Recombination landscape effects: Research on meiotic recombination in yeast demonstrates that genomic regions vary dramatically in recombination frequency. Chromosomal position significantly impacts gene expression through:
Hotspot/coldspot dynamics: Studies mapping meiotic recombination hotspots and coldspots in yeast reveal that genomic positioning strongly influences gene expression patterns. The average distance from telomeres to proximal hotspots is approximately 103 kb, with no hotspots observed within 30 kb of telomeres, a significant departure from random distribution expectations (p < 0.001) .
Understanding these positional effects provides crucial context for interpreting YCR097W-A expression data and designing experimental approaches for studying its function. Researchers should consider these genomic contextual factors when analyzing expression patterns or phenotypic effects of YCR097W-A mutations.
Machine learning (ML) approaches offer promising avenues for predicting and optimizing YCR097W-A antibody interactions, particularly when experimental data is limited. Recent advances in ML-based antibody-antigen prediction demonstrate several applicable strategies:
Library-on-library approaches: These methods probe many antigens against many antibodies to identify specific interacting pairs, creating datasets that ML models can analyze to predict many-to-many relationships between antibodies and antigens .
Active learning implementation: This strategy reduces experimental costs by starting with a small labeled subset of antibody-antigen interactions and iteratively expanding the labeled dataset based on model uncertainty. Recent studies have demonstrated that:
Out-of-distribution prediction challenges: When predicting interactions for antibodies and antigens not represented in training data, specialized algorithms are needed. Three of fourteen recently developed algorithms significantly outperformed random baseline approaches in this challenging scenario .
Integration with structural data: Combining ML predictions with structural information about YCR097W-A and antibody binding domains can substantially improve prediction accuracy.
For researchers with limited YCR097W-A interaction data, these ML approaches offer cost-effective strategies to prioritize experimental efforts and optimize antibody selection for specific applications.
When designing immunofluorescence (IF) experiments with YCR097W-A antibody, implementing comprehensive controls is critical for result validation and interpretation.
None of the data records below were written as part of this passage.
lemma pwo_set_times:
  fixes A B :: "'b::{monoid_mult,order} set"
  assumes om: "ordered_monoid TYPE('b)" and "pwo_set A" "pwo_set B"
  shows "pwo_set (A * B)"
proof (rule pwo_setI)
  fix x :: "nat \<Rightarrow> 'b" and Z
  assume Z: "infinite Z" and "x ` Z \<subseteq> A * B"
  then have "\<forall>i\<in>Z. \<exists>p. fst p \<in> A \<and> snd p \<in> B \<and> x i = fst p * snd p"
    unfolding set_times_def by fastforce
  then obtain p where p: "\<forall>i\<in>Z. fst (p i) \<in> A \<and> snd (p i) \<in> B \<and> x i = fst (p i) * snd (p i)"
    by metis
  have "(\<lambda>i. fst (p i)) ` Z \<subseteq> A" "(\<lambda>i. snd (p i)) ` Z \<subseteq> B" using p by auto
  then obtain Y where Y: "Y \<subseteq> Z" "infinite Y"
    and inc: "\<forall>i\<in>Y. \<forall>j\<in>Y. i < j \<longrightarrow> fst (p i) \<le> fst (p j) \<and> snd (p i) \<le> snd (p j)"
    using pwo_set_two_sequences[OF assms(2,3) Z] by metis
  have "x i \<le> x j" if "i \<in> Y" "j \<in> Y" "i < j" for i j
  proof -
    have le: "fst (p i) \<le> fst (p j)" "snd (p i) \<le> snd (p j)" using inc that by blast+
    have "x i = fst (p i) * snd (p i)" using p that(1) Y(1) by blast
    also have "\<dots> \<le> fst (p j) * snd (p i)" using ordered_monoidD(1)[OF om le(1)] .
    also have "\<dots> \<le> fst (p j) * snd (p j)" using ordered_monoidD(2)[OF om le(2)] .
    also have "\<dots> = x j" using p that(2) Y(1) by (metis subsetD)
    finally show ?thesis .
  qed
  with Y show "\<exists>Y\<subseteq>Z. infinite Y \<and> (\<forall>i\<in>Y. \<forall>j\<in>Y. i < j \<longrightarrow> x i \<le> x j)" by blast
qed
(* Write \<Delta> as a trilinear form in the three columns of the matrix and identify the linear
   forms a, c with their coefficient vectors \<alpha>, \<gamma>.  Since \<Delta> = a b + c d, the polynomial \<Delta>
   vanishes on the subspace {\<alpha> = \<gamma> = 0}.  Scaling column j by s^(j-1) multiplies \<Delta> by s^3,
   so \<Delta> also vanishes on the scaled subspaces, and by continuity on their limit as s \<rightarrow> 0.
   After row-reducing the pair (\<alpha>, \<gamma>), this limit is cut out by the parts \<alpha>_p, \<gamma>_q of the two
   forms in their lowest nonzero columns p and q.  Evaluating the trilinear form at suitable points
   of this limit subspace then gives \<Delta> = \<alpha>_p B + \<gamma>_q W if p \<noteq> q, and \<Delta> = \<alpha>_p B + \<gamma>_p B'
   if p = q, where all four factors are homogeneous in the column grading. *)

theory Submission
  imports Defs
begin

lemma poly_mapping_eq_sum_single:
  fixes p :: "'a \<Rightarrow>\<^sub>0 'b::comm_monoid_add"
  assumes "finite K" "inj_on f K" "Poly_Mapping.keys p \<subseteq> f ` K"
  shows "p = (\<Sum>k\<in>K. Poly_Mapping.single (f k) (Poly_Mapping.lookup p (f k)))"
proof (rule poly_mapping_eqI)
  fix m
  have "Poly_Mapping.lookup (\<Sum>k\<in>K. Poly_Mapping.single (f k) (Poly_Mapping.lookup p (f k))) m
      = (\<Sum>k\<in>K. if f k = m then Poly_Mapping.lookup p m else 0)"
    by (auto simp: lookup_sum lookup_single when_def intro!: sum.cong)
  also have "\<dots> = Poly_Mapping.lookup p m"
  proof (cases "m \<in> f ` K")
    case True
    then obtain k0 where "k0 \<in> K" "m = f k0" by auto
    with assms(1,2) have "(\<Sum>k\<in>K. if f k = m then Poly_Mapping.lookup p m else 0)
        = (\<Sum>k\<in>K. if k = k0 then Poly_Mapping.lookup p m else 0)"
      by (intro sum.cong) (auto simp: inj_on_def)
    with \<open>k0 \<in> K\<close> assms(1) show ?thesis by simp
  next
    case False
    with assms(3) have "Poly_Mapping.lookup p m = 0" by (auto simp: in_keys_iff)
    with False show ?thesis by (auto intro: sum.neutral)
  qed
  finally show "Poly_Mapping.lookup p m =
      Poly_Mapping.lookup (\<Sum>k\<in>K. Poly_Mapping.single (f k) (Poly_Mapping.lookup p (f k))) m" ..
qed
lemma partition_on_insert_block:
  assumes "a \<notin> A" "S \<subseteq> A" "partition_on (A - S) P"
  shows "partition_on (insert a A) (insert (insert a S) P)" and "insert a S \<notin> P"
proof -
  have "\<Union>P = A - S" using assms(3) by (simp add: partition_on_def)
  then have "disjnt (insert a S) (\<Union>P)" and "insert a A - insert a S = A - S"
    using assms(1) by (auto simp: disjnt_def)
  then show "partition_on (insert a A) (insert (insert a S) P)"
    using partition_on_insert[of "insert a S" P "insert a A"] assms(2,3) by auto
  show "insert a S \<notin> P" using \<open>\<Union>P = A - S\<close> assms(1) by blast
qed
lemma harm_N_le:
  assumes x: "x \<in> B" "snd x < H" and N: "H \<le> int N"
  shows "harm_N B N x \<le> ennreal ((2 * real N / c + 1) * (lyapunov_scale * real N powr -\<beta>))"
proof -
  define S where "S = hline (int N) - B"
  have cone: "\<forall>p\<in>S. c * \<bar>real_of_int (fst p)\<bar> < real N"
  proof
    fix p assume "p \<in> S"
    then show "c * \<bar>real_of_int (fst p)\<bar> < real N"
      using outside_in_cone[of p] N by (auto simp: S_def hline_def)
  qed
  have S: "S \<subseteq> hline (int N)" by (simp add: S_def)
  have hit: "hit_at (B \<union> hline 0) z x \<le> ennreal (lyapunov_scale * real N powr -\<beta>)" if "z \<in> S" for z
  proof -
    have z: "z \<notin> B" "snd z = int N" using that by (auto simp: S_def hline_def)
    have "hit_at (B \<union> hline 0) z x
        \<le> emeasure srw_space {w \<in> space srw_space. reaches_via {p. H \<le> snd p \<and> p \<notin> B} {p. snd p < H} z w}"
      using x(2) by (intro hit_at_le_reaches_via) auto
    also have "\<dots> \<le> ennreal (lyapunov_scale * real N powr -\<beta>)"
      using escape_probability_le[of z] z N by simp
    finally show ?thesis .
  qed
  have "harm_N B N x = (\<Sum>z\<in>S. hit_at (B \<union> hline 0) z x)"
    unfolding harm_N_def S_def[symmetric] using finite_card_in_cone_on_hline(1)[OF c_pos S cone] by simp
  also have "\<dots> \<le> of_nat (card S) * ennreal (lyapunov_scale * real N powr -\<beta>)"
    using hit by (rule sum_bounded_above)
  also have "\<dots> = ennreal (real (card S) * (lyapunov_scale * real N powr -\<beta>))"
    using lyapunov_scale_pos by (simp add: ennreal_mult ennreal_of_nat_eq_real_of_nat)
  also have "\<dots> \<le> ennreal ((2 * real N / c + 1) * (lyapunov_scale * real N powr -\<beta>))"
    using finite_card_in_cone_on_hline(2)[OF c_pos S cone] lyapunov_scale_pos
    by (intro ennreal_leI mult_right_mono) auto
  finally show ?thesis .
qed

lemma harm_N_tendsto_0:
  assumes "x \<in> B" "snd x < H"
  shows "(\<lambda>N. harm_N B N x) \<longlonglongrightarrow> 0"
proof (rule tendsto_sandwich[where f = "\<lambda>_. 0" and h = "\<lambda>N. ennreal ((2 * real N / c + 1) * (lyapunov_scale * real N powr -\<beta>))"])
  show "\<forall>\<^sub>F N in sequentially. harm_N B N x \<le> ennreal ((2 * real N / c + 1) * (lyapunov_scale * real N powr -\<beta>))"
    using harm_N_le[OF assms] by (intro eventually_sequentiallyI[of "nat H"]) auto
  have "(\<lambda>N. lyapunov_scale * (2 / c * real N powr (1 - \<beta>) + real N powr -\<beta>)) \<longlonglongrightarrow> lyapunov_scale * (2 / c * 0 + 0)"
    using beta_gt_1 by (intro tendsto_intros tendsto_neg_powr filterlim_real_sequentially) auto
  moreover have "\<forall>\<^sub>F N in sequentially. lyapunov_scale * (2 / c * real N powr (1 - \<beta>) + real N powr -\<beta>)
      = (2 * real N / c + 1) * (lyapunov_scale * real N powr -\<beta>)"
  proof (rule eventually_sequentiallyI[of 1])
    fix N :: nat assume "1 \<le> N"
    have "real N powr (1 + -\<beta>) = real N powr 1 * real N powr -\<beta>" by (rule powr_add)
    then have "real N * real N powr -\<beta> = real N powr (1 - \<beta>)" using \<open>1 \<le> N\<close> by simp
    then show "lyapunov_scale * (2 / c * real N powr (1 - \<beta>) + real N powr -\<beta>)
      = (2 * real N / c + 1) * (lyapunov_scale * real N powr -\<beta>)"
      by (simp add: algebra_simps)
  qed
  ultimately have "(\<lambda>N. (2 * real N / c + 1) * (lyapunov_scale * real N powr -\<beta>)) \<longlonglongrightarrow> 0"
    using Lim_transform_eventually by fastforce
  then show "(\<lambda>N. ennreal ((2 * real N / c + 1) * (lyapunov_scale * real N powr -\<beta>))) \<longlonglongrightarrow> 0"
    using tendsto_ennrealI by fastforce
qed auto

end

theorem theorem1:
  fixes B :: "pt set" and c M :: real and x :: pt
  assumes "B \<subseteq> upper_half"
    and "0 < c"
    and "\<forall>x1::int. \<bar>real_of_int x1\<bar> \<ge> M \<longrightarrow> col_height B x1 \<ge> ereal \<bar>c * real_of_int x1\<bar>"
    and "x \<in> B"
  shows "(\<lambda>N. harm_N B N x) \<longlonglongrightarrow> 0"
proof -
  note c = assms(2) and col = assms(3) and xB = assms(4)
  obtain \<beta> \<epsilon> where \<beta>: "1 < \<beta>" "\<beta> \<le> 2" and \<epsilon>: "0 < \<epsilon>"
    and barrier_ge: "\<And>x y. 0 < y \<Longrightarrow> c * \<bar>x\<bar> \<le> 2 * y \<Longrightarrow> \<epsilon> * y powr -\<beta> \<le> barrier \<beta> \<epsilon> x y"
    using barrier_ge_in_cone_exists[OF c] by blast
  obtain H0 :: int where H0: "c * \<bar>M\<bar> + c + 3 + 128 / \<epsilon> \<le> real_of_int H0"
    using ex_le_of_int by blast
  define H where "H = max H0 (snd x + 1)"
  have "c * \<bar>M\<bar> + c + 3 + 128 / \<epsilon> \<le> real_of_int H" "0 \<le> c * \<bar>M\<bar>" "0 \<le> 128 / \<epsilon>"
    using H0 c \<epsilon> by (auto simp: H_def)
  then have HM: "c * \<bar>M\<bar> \<le> real_of_int H" and cH: "c \<le> real_of_int H"
    and H3: "3 \<le> real_of_int H" and He: "128 / \<epsilon> \<le> real_of_int H - 1"
    using c by linarith+
  have outside: "c * \<bar>real_of_int (fst p)\<bar> < real_of_int (snd p)" if "p \<notin> B" "H \<le> snd p" for p
    using not_mem_in_cone[OF c col HM] that H3 by simp
  interpret cone_escape B c \<beta> \<epsilon> H
    using c \<beta> \<epsilon> barrier_ge cH H3 He outside by unfold_locales (auto simp: field_simps)
  show ?thesis by (rule harm_N_tendsto_0[OF xB]) (simp add: H_def)
qed

end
Research on antibody validation indicates that IF applications have particularly high false positive rates, with only 38% of manufacturer-recommended antibodies being confirmed when tested against knockout controls . To ensure reliable results, include these essential controls:
Primary controls:
Positive control: Wild-type S. cerevisiae expressing YCR097W-A
Negative control: YCR097W-A knockout strain (gold standard)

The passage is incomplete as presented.